Barack Obama is the Rich Kotite of American presidents.

Beware of Suspicious Donkeys -- Not a Metaphor In This Particular Case.

Okay, Boko Haram, now you're really in trouble. Now you're irritating PETA.

Nigerian Islamist militant group Boko Haram is plotting to use cattle as suicide bombers, officials have said.

Nigerian authorities also suspect that the extremist group, which aims at establishing an Islamic caliphate in the country, is preparing dozens of suicide bombers to carry out large-scale attacks.

Mike Omer, coordinator of the National Information Centre, said: "Available intelligence reports indicate a plan by Boko Haram to use young male suicide bombers disguised as cobblers to hide explosives in their tool boxes and detonate them on soft target areas such as markets, restaurants, ATM locations, political rallies, worship centres as well as other public places," according to Nigeria's Vanguard daily.

"Also, there is indication of a plan by this group to use livestock such as, goats, cows, donkeys and camels laden with explosives to attack chosen targets."

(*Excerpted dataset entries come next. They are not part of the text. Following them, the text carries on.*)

lemma tassoc_inner_gen_trels:
  assumes w: "w \<in> carrier (grp C t)" and r: "r \<in> trels A B z"
  shows "frag_extend (tassoc_inner_gen B C t w) r \<in> trels A (tensor B C) (z * t)"
proof (rule frag_extend_trels[OF hm_module_hm_closed[OF A] hm_module_hm_closed[OF B] frag_subgroup_trels[OF hm_module_hm_closed[OF A] hm_closed_tensor[OF B C]] _ _ _ r])
  fix z' t' a a' b
  assume "z' * t' = z" "a \<in> carrier (grp A z')" "a' \<in> carrier (grp A z')" and b: "b \<in> carrier (grp B t')"
  with tcls_frag_of_carrier[OF hm_module_hm_closed[OF B] C b w]
  have "frag_of (z', t' * t, a \<otimes>\<^bsub>grp A z'\<^esub> a', tcls B C (t' * t) (frag_of (t', t, b, w)))
      - frag_of (z', t' * t, a, tcls B C (t' * t) (frag_of (t', t, b, w)))
      - frag_of (z', t' * t, a', tcls B C (t' * t) (frag_of (t', t, b, w))) \<in> trels A (tensor B C) (z * t)"
    by (intro trels_add_left) (auto simp: mult.assoc)
  then show "tassoc_inner_gen B C t w (z', t', a \<otimes>\<^bsub>grp A z'\<^esub> a', b) - tassoc_inner_gen B C t w (z', t', a, b)
      - tassoc_inner_gen B C t w (z', t', a', b) \<in> trels A (tensor B C) (z * t)"
    by (simp add: tassoc_inner_gen_def)
next
  fix z' t' a b b'
  assume "z' * t' = z" "a \<in> carrier (grp A z')" and b: "b \<in> carrier (grp B t')" and b': "b' \<in> carrier (grp B t')"
  with tcls_frag_of_carrier[OF hm_module_hm_closed[OF B] C b w] tcls_frag_of_carrier[OF hm_module_hm_closed[OF B] C b' w]
  have "frag_of (z', t' * t, a, tcls B C (t' * t) (frag_of (t', t, b, w)) \<otimes>\<^bsub>grp (tensor B C) (t' * t)\<^esub>
        tcls B C (t' * t) (frag_of (t', t, b', w)))
      - frag_of (z', t' * t, a, tcls B C (t' * t) (frag_of (t', t, b, w)))
      - frag_of (z', t' * t, a, tcls B C (t' * t) (frag_of (t', t, b', w))) \<in> trels A (tensor B C) (z * t)"
    by (intro trels_add_right) (auto simp: mult.assoc)
  then show "tassoc_inner_gen B C t w (z', t', a, b \<otimes>\<^bsub>grp B t'\<^esub> b') - tassoc_inner_gen B C t w (z', t', a, b)
      - tassoc_inner_gen B C t w (z', t', a, b') \<in> trels A (tensor B C) (z * t)"
    by (simp add: tassoc_inner_gen_def tcls_frag_of_mult_left[OF hm_module_hm_closed[OF B] C b b' w])
next
  fix u v w' a b
  assume x: "u * v * w' = z" and a: "a \<in> carrier (grp A v)" and b: "b \<in> carrier (grp B w')"
  have "frag_of (v * u, w' * t, act A v u a, tcls B C (w' * t) (frag_of (w', t, b, w)))
      - frag_of (v, u * (w' * t), a, act (tensor B C) (w' * t) u (tcls B C (w' * t) (frag_of (w', t, b, w))))
      \<in> trels A (tensor B C) (z * t)"
    using x a tcls_frag_of_carrier[OF hm_module_hm_closed[OF B] C b w] by (intro trels_balanced) (auto simp: ac_simps)
  from this[unfolded act_tensor_frag_of[OF b]]
  show "tassoc_inner_gen B C t w (v * u, w', act A v u a, b) - tassoc_inner_gen B C t w (v, u * w', a, act B w' u b)
      \<in> trels A (tensor B C) (z * t)"
    by (simp add: tassoc_inner_gen_def ac_simps)
qed

lemma tassoc_inner_gen_mult:
  assumes q: "Poly_Mapping.keys q \<subseteq> tgens A B z" and x: "z * t = x"
    and w: "w \<in> carrier (grp C t)" and w': "w' \<in> carrier (grp C t)"
  shows "frag_extend (tassoc_inner_gen B C t (w \<otimes>\<^bsub>grp C t\<^esub> w')) q - frag_extend (tassoc_inner_gen B C t w) q
      - frag_extend (tassoc_inner_gen B C t w') q \<in> trels A (tensor B C) x"
proof -
  have "tassoc_inner_gen B C t (w \<otimes>\<^bsub>grp C t\<^esub> w') k - tassoc_inner_gen B C t w k - tassoc_inner_gen B C t w' k
      \<in> trels A (tensor B C) x" if "k \<in> tgens A B z" for k
    using that
  proof (cases rule: tgensE)
    case (1 z' t' a b)
    then show ?thesis
      unfolding 1(1) tassoc_inner_gen_def prod.case tcls_frag_of_mult_right[OF hm_module_hm_closed[OF B] C 1(4) w w']
      by (intro trels_add_right tcls_frag_of_carrier[OF hm_module_hm_closed[OF B] C] w w') (use x in \<open>auto simp: mult.assoc\<close>)
  qed
  then have "frag_extend (\<lambda>k. tassoc_inner_gen B C t (w \<otimes>\<^bsub>grp C t\<^esub> w') k - tassoc_inner_gen B C t w k
      - tassoc_inner_gen B C t w' k) q \<in> trels A (tensor B C) x"
    using q by (intro frag_extend_in_frag_subgroup[OF frag_subgroup_trels[OF hm_module_hm_closed[OF A] hm_closed_tensor[OF B C]]]) auto
  then show ?thesis by (simp add: frag_extend_fun_diff)
qed

lemma tassoc_inner_gen_act:
  assumes q: "Poly_Mapping.keys q \<subseteq> tgens A B v" and x: "u * v * w = x" and c: "c \<in> carrier (grp C w)"
  shows "frag_extend (tassoc_inner_gen B C w c) (frag_extend (tensor_act_gen A u) q)
      - frag_extend (tassoc_inner_gen B C (u * w) (act C w u c)) q \<in> trels A (tensor B C) x"
  unfolding frag_extend_frag_extend
proof (rule frag_extend_diff_in_frag_subgroup[OF frag_subgroup_trels[OF hm_module_hm_closed[OF A] hm_closed_tensor[OF B C]]])
  fix k assume "k \<in> Poly_Mapping.keys q"
  with q obtain z t a b where k: "k = (z, t, a, b)" "z * t = v" "a \<in> carrier (grp A z)" "b \<in> carrier (grp B t)"
    by (auto elim!: tgensE)
  let ?X = "tcls B C (t * w) (frag_of (t, w, b, c))"
  have "frag_of (z * u, t * w, act A z u a, ?X) - frag_of (z, u * (t * w), a, act (tensor B C) (t * w) u ?X)
      \<in> trels A (tensor B C) x"
    using k x by (intro trels_balanced tcls_frag_of_carrier[OF hm_module_hm_closed[OF B] C] c) (auto simp: ac_simps)
  moreover have "act (tensor B C) (t * w) u ?X = tcls B C (t * (u * w)) (frag_of (t, u * w, b, act C w u c))"
    using tcls_frag_of_balanced[OF hm_module_hm_closed[OF B] C _ k(4) c, of u "t * (u * w)"]
    by (simp add: act_tensor_frag_of[OF k(4)] ac_simps)
  ultimately show "frag_extend (tassoc_inner_gen B C w c) (tensor_act_gen A u k)
      - tassoc_inner_gen B C (u * w) (act C w u c) k \<in> trels A (tensor B C) x"
    by (simp add: k(1) tensor_act_gen_def tassoc_inner_gen_def ac_simps)
qed

lemma tassoc_gen_trels:
  assumes r: "r \<in> trels (tensor A B) C x"
  shows "frag_extend (tassoc_gen B C) r \<in> trels A (tensor B C) x"
proof (rule frag_extend_trels[OF hm_closed_tensor[OF A hm_module_hm_closed[OF B]] C frag_subgroup_trels[OF hm_module_hm_closed[OF A] hm_closed_tensor[OF B C]] _ _ _ r])
  fix z t d d' w
  assume x: "z * t = x" and d: "d \<in> carrier (grp (tensor A B) z)" and d': "d' \<in> carrier (grp (tensor A B) z)"
    and w: "w \<in> carrier (grp C t)"
  let ?q = "rep d + rep d'"
  have "d \<otimes>\<^bsub>grp (tensor A B) z\<^esub> d' = tcls A B z ?q"
    using carrier_tensorE[OF hm_module_hm_closed[OF A] hm_module_hm_closed[OF B] d] carrier_tensorE[OF hm_module_hm_closed[OF A] hm_module_hm_closed[OF B] d']
    by (metis mult_tensor[OF hm_module_hm_closed[OF A] hm_module_hm_closed[OF B]])
  moreover have "frag_extend (tassoc_inner_gen B C t w) (rep (tcls A B z ?q) - ?q) \<in> trels A (tensor B C) x"
    using tassoc_inner_gen_trels[OF w rep_tcls[OF hm_module_hm_closed[OF A] hm_module_hm_closed[OF B], of z ?q]] x by simp
  ultimately show "tassoc_gen B C (z, t, d \<otimes>\<^bsub>grp (tensor A B) z\<^esub> d', w) - tassoc_gen B C (z, t, d, w)
      - tassoc_gen B C (z, t, d', w) \<in> trels A (tensor B C) x"
    by (simp add: tassoc_gen_def frag_extend_diff frag_extend_add diff_diff_eq)
next
  fix z t d w w'
  assume "z * t = x" "d \<in> carrier (grp (tensor A B) z)" "w \<in> carrier (grp C t)" "w' \<in> carrier (grp C t)"
  then show "tassoc_gen B C (z, t, d, w \<otimes>\<^bsub>grp C t\<^esub> w') - tassoc_gen B C (z, t, d, w)
      - tassoc_gen B C (z, t, d, w') \<in> trels A (tensor B C) x"
    by (auto simp: tassoc_gen_def elim!: carrier_tensorE[OF hm_module_hm_closed[OF A] hm_module_hm_closed[OF B]] intro!: tassoc_inner_gen_mult)
next
  fix u v w d c
  assume x: "u * v * w = x" and d: "d \<in> carrier (grp (tensor A B) v)" and c: "c \<in> carrier (grp C w)"
  note N = frag_subgroup_trels[OF hm_module_hm_closed[OF A] hm_closed_tensor[OF B C]]
  let ?sq = "frag_extend (tensor_act_gen A u) (rep d)"
  have q: "Poly_Mapping.keys (rep d) \<subseteq> tgens A B v"
    using d by (rule carrier_tensorE[OF hm_module_hm_closed[OF A] hm_module_hm_closed[OF B]])
  have "frag_extend (tassoc_inner_gen B C w c) r \<in> trels A (tensor B C) x" if "r \<in> trels A B (v * u)" for r
    using tassoc_inner_gen_trels[OF c that] x by (simp add: ac_simps)
  then have "frag_extend (tassoc_inner_gen B C w c) (rep (act (tensor A B) v u d))
      - frag_extend (tassoc_inner_gen B C w c) ?sq \<in> trels A (tensor B C) x"
    unfolding act_tensor by (rule frag_extend_rep_tcls[OF hm_module_hm_closed[OF A] hm_module_hm_closed[OF B] N])
  from frag_subgroup_add[OF N this tassoc_inner_gen_act[OF q x c]]
  show "tassoc_gen B C (v * u, w, act (tensor A B) v u d, c) - tassoc_gen B C (v, u * w, d, act C w u c)
      \<in> trels A (tensor B C) x"
    by (simp add: tassoc_gen_def)
qed

lemma tassoc_tcls:
  "tassoc A B C x (tcls (tensor A B) C x q) = tcls A (tensor B C) x (frag_extend (tassoc_gen B C) q)"
  unfolding tassoc_eq
  by (rule tcls_frag_extend_rep[OF hm_closed_tensor[OF A hm_module_hm_closed[OF B]] C hm_module_hm_closed[OF A] hm_closed_tensor[OF B C] tassoc_gen_trels])

end

section \<open>Free HM-modules\<close>

lemma grp_zmod: "grp (zmod S \<pi>) x = free_Abelian_group {(u, s). s \<in> S \<and> u * \<pi> s = x}"
  by (simp add: zmod_def)

lemma carrier_zmod: "p \<in> carrier (grp (zmod S \<pi>) x) \<longleftrightarrow> Poly_Mapping.keys p \<subseteq> {(u, s). s \<in> S \<and> u * \<pi> s = x}"
  by (simp add: zmod_def)

lemma frag_of_carrier_zmod: "frag_of (u, s) \<in> carrier (grp (zmod S \<pi>) x) \<longleftrightarrow> s \<in> S \<and> u * \<pi> s = x"
  by (simp add: carrier_zmod keys_frag_of)

lemma mult_zmod: "p \<otimes>\<^bsub>grp (zmod S \<pi>) x\<^esub> q = p + q"
  by (simp add: zmod_def)

lemma act_zmod: "act (zmod S \<pi>) x y p = frag_extend (\<lambda>(u, s). frag_of (u * y, s)) p"
  by (simp add: zmod_def)

lemma act_zmod_frag_of: "act (zmod S \<pi>) x y (frag_of (u, s)) = frag_of (u * y, s)"
  by (simp add: act_zmod)

lemma hm_module_zmod: "hm_module (zmod S \<pi>)"
  unfolding hm_module_def
proof (intro conjI allI impI)
  fix x
  show "comm_group (grp (zmod S \<pi>) x)" by (simp add: grp_zmod abelian_free_Abelian_group)
next
  fix x y
  show "act (zmod S \<pi>) x y \<in> hom (grp (zmod S \<pi>) x) (grp (zmod S \<pi>) (x * y))"
  proof (rule homI)
    fix a assume "a \<in> carrier (grp (zmod S \<pi>) x)"
    then show "act (zmod S \<pi>) x y a \<in> carrier (grp (zmod S \<pi>) (x * y))"
      unfolding carrier_zmod act_zmod by (intro keys_frag_extend_subset) (auto simp: keys_frag_of ac_simps)
  qed (simp add: mult_zmod act_zmod frag_extend_add)
next
  fix x y z a
  show "act (zmod S \<pi>) (x * y) z (act (zmod S \<pi>) x y a) = act (zmod S \<pi>) x (y * z) a"
    by (simp add: act_zmod frag_extend_frag_extend case_prod_unfold mult.assoc)
next
  fix x a
  show "act (zmod S \<pi>) x 1 a = a"
    using frag_expansion[of a] by (simp add: act_zmod case_prod_unfold)
qed

lemma hm_module_zunit: "hm_module zunit"
  by (simp add: hm_module_def zunit_def abelian_integer_group hom_def)

lemma hm_closed_zmod: "hm_closed (zmod S \<pi>)"
  by (rule hm_module_hm_closed[OF hm_module_zmod])

lemma hm_closed_zunit: "hm_closed zunit"
  by (rule hm_module_hm_closed[OF hm_module_zunit])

ADDENDA: Maybe the best edition of our pop-culture podcast yet arrives this morning -- a Super Bowl-themed show discussing the must-have foods at the holiday I nickname "Bar Food Thanksgiving," great and awful Super Bowl commercials past and present, and my perhaps way-too-passionate assessment of the planned all-female reboot of Ghostbusters and the rumored casting of Chris Pratt as Indiana Jones. Did you know producer Dave Perkins and I can have an entire conversation consisting entirely of quotes from Raiders of the Lost Ark? My poor co-host.